[Data provided Boundary: Start]
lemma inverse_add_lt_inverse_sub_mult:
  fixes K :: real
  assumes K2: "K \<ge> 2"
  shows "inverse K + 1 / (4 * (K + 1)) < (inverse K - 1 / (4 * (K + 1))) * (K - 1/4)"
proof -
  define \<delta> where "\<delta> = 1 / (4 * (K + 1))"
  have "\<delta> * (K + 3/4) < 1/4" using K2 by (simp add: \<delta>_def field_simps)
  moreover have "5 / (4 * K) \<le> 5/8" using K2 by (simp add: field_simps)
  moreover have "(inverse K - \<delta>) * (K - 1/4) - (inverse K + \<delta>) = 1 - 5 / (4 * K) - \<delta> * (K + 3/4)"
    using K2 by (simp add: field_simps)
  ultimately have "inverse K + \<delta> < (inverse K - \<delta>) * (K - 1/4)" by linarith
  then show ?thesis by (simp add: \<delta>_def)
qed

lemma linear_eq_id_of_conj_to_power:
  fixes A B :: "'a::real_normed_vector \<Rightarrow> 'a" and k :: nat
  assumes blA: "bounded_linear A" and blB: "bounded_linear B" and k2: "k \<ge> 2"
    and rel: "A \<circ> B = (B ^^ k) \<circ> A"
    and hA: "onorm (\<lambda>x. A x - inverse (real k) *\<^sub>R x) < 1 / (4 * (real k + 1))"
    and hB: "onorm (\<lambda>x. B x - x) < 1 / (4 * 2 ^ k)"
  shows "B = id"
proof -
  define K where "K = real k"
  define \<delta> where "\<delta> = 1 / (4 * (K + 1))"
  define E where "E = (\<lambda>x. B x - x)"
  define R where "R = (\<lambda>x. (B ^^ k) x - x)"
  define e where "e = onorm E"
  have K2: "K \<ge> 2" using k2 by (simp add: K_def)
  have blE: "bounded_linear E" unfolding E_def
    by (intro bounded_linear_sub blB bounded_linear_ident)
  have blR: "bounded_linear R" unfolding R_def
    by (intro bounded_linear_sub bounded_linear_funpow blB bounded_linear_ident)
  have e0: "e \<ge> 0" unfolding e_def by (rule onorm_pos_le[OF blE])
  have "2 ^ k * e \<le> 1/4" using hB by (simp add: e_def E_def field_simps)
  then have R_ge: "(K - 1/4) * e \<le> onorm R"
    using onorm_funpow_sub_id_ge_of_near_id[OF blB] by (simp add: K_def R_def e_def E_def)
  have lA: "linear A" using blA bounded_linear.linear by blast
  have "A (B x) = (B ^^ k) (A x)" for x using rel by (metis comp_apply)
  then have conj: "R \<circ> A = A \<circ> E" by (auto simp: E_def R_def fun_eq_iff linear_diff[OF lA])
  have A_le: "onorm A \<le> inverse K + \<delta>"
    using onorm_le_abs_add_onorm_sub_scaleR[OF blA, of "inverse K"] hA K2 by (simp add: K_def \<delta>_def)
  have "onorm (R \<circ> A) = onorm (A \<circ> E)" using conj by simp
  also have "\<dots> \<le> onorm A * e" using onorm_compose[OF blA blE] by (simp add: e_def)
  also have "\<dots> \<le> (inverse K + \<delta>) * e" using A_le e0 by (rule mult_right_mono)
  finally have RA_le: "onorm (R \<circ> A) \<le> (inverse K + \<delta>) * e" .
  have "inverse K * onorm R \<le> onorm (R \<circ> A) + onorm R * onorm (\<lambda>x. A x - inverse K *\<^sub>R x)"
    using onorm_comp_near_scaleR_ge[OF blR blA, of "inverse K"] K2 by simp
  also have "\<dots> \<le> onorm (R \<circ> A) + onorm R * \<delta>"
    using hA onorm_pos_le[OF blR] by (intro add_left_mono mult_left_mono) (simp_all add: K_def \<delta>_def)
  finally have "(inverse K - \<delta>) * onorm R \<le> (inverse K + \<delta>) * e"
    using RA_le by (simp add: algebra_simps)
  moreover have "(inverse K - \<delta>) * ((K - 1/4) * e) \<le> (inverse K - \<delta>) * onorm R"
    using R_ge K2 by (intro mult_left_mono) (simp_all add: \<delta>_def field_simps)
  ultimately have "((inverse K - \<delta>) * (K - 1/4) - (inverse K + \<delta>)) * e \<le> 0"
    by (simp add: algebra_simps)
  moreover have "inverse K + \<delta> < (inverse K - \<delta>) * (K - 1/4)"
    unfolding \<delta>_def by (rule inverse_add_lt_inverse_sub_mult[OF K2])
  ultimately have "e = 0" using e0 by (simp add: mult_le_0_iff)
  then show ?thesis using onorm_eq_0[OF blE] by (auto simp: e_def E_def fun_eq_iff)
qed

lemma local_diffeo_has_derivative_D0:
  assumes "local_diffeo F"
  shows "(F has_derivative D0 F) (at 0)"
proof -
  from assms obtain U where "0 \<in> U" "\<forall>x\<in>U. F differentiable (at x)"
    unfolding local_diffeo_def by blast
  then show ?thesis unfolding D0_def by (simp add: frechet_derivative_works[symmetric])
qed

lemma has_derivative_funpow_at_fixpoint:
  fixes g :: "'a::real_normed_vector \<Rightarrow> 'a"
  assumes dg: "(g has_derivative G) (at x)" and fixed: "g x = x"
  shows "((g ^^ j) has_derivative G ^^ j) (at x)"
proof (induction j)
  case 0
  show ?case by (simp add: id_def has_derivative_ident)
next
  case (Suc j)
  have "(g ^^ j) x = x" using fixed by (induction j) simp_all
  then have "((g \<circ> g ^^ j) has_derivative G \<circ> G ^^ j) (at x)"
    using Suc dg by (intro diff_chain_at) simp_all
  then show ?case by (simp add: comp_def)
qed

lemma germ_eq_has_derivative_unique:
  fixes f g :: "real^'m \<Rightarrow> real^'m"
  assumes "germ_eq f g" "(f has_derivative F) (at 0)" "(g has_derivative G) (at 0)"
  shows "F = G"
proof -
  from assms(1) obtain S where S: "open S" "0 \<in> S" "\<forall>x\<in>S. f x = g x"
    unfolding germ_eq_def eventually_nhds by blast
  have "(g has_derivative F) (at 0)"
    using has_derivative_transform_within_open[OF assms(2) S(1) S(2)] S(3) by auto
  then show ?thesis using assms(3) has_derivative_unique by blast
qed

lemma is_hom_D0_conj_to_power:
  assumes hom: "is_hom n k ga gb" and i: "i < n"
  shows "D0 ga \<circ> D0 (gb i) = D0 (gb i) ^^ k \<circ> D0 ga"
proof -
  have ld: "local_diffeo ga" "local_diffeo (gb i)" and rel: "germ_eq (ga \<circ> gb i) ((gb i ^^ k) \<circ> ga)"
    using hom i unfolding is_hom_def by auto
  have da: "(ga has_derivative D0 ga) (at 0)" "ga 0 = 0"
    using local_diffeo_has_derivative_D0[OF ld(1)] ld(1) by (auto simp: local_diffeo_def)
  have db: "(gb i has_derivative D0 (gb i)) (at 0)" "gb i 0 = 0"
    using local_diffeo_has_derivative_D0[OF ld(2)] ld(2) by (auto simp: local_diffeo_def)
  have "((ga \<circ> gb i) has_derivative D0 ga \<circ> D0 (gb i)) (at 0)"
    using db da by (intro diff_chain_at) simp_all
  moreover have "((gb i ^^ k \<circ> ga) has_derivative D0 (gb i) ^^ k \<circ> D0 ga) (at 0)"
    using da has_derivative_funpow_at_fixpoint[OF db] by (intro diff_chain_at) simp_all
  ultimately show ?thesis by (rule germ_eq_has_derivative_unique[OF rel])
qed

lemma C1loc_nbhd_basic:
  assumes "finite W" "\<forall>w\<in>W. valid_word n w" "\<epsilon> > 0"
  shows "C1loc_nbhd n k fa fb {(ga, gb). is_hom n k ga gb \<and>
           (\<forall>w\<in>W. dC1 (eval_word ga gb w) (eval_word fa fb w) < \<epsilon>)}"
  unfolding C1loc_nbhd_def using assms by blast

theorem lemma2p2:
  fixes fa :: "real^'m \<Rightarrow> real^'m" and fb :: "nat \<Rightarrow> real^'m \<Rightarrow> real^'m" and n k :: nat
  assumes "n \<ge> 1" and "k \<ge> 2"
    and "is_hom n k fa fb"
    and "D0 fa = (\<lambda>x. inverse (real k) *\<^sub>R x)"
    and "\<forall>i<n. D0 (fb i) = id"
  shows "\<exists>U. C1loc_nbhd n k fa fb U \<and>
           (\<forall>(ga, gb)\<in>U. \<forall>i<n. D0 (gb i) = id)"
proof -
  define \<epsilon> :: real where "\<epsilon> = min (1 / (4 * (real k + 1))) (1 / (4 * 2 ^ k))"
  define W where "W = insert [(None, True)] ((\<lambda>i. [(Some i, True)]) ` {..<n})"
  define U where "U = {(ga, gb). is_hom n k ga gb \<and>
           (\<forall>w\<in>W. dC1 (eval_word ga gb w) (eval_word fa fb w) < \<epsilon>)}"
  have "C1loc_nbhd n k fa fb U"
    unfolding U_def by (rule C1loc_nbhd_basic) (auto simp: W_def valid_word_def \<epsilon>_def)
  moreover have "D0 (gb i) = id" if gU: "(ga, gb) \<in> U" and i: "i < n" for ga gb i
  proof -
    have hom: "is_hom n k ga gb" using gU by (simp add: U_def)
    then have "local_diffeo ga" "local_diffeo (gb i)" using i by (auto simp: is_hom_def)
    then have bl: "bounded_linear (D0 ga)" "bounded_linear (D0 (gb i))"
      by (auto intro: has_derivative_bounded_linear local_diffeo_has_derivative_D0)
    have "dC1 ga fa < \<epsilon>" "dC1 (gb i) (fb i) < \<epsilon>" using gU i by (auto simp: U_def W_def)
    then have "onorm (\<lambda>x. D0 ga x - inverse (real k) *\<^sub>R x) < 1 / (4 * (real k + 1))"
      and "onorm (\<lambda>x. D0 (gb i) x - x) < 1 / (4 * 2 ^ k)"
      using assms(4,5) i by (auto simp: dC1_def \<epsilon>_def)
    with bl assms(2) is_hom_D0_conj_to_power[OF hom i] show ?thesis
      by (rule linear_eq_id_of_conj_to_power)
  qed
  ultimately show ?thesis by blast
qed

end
[Data provided Boundary: End]
_Task_
What you return should be exactly the lines above, starting at the one with "(B ^^ k) \<circ>" and ending at the one with "using onorm_le_abs_add_onorm_sub_scaleR[OF blA, of", and nothing else.

_Result of the task_
    and rel: "A \<circ> B = (B ^^ k) \<circ> A"
    and hA: "onorm (\<lambda>x. A x - inverse (real k) *\<^sub>R x) < 1 / (4 * (real k + 1))"
    and hB: "onorm (\<lambda>x. B x - x) < 1 / (4 * 2 ^ k)"
  shows "B = id"
proof -
  define K where "K = real k"
  define \<delta> where "\<delta> = 1 / (4 * (K + 1))"
  define E where "E = (\<lambda>x. B x - x)"
  define R where "R = (\<lambda>x. (B ^^ k) x - x)"
  define e where "e = onorm E"
  have K2: "K \<ge> 2" using k2 by (simp add: K_def)
  have blE: "bounded_linear E" unfolding E_def
    by (intro bounded_linear_sub blB bounded_linear_ident)
  have blR: "bounded_linear R" unfolding R_def
    by (intro bounded_linear_sub bounded_linear_funpow blB bounded_linear_ident)
  have e0: "e \<ge> 0" unfolding e_def by (rule onorm_pos_le[OF blE])
  have "2 ^ k * e \<le> 1/4" using hB by (simp add: e_def E_def field_simps)
  then have R_ge: "(K - 1/4) * e \<le> onorm R"
    using onorm_funpow_sub_id_ge_of_near_id[OF blB] by (simp add: K_def R_def e_def E_def)
  have lA: "linear A" using blA bounded_linear.linear by blast
  have "A (B x) = (B ^^ k) (A x)" for x using rel by (metis comp_apply)
  then have conj: "R \<circ> A = A \<circ> E" by (auto simp: E_def R_def fun_eq_iff linear_diff[OF lA])
  have A_le: "onorm A \<le> inverse K + \<delta>"
    using onorm_le_abs_add_onorm_sub_scaleR[OF blA, of "inverse K"] hA K2 by (simp add: K_def \<delta>_def)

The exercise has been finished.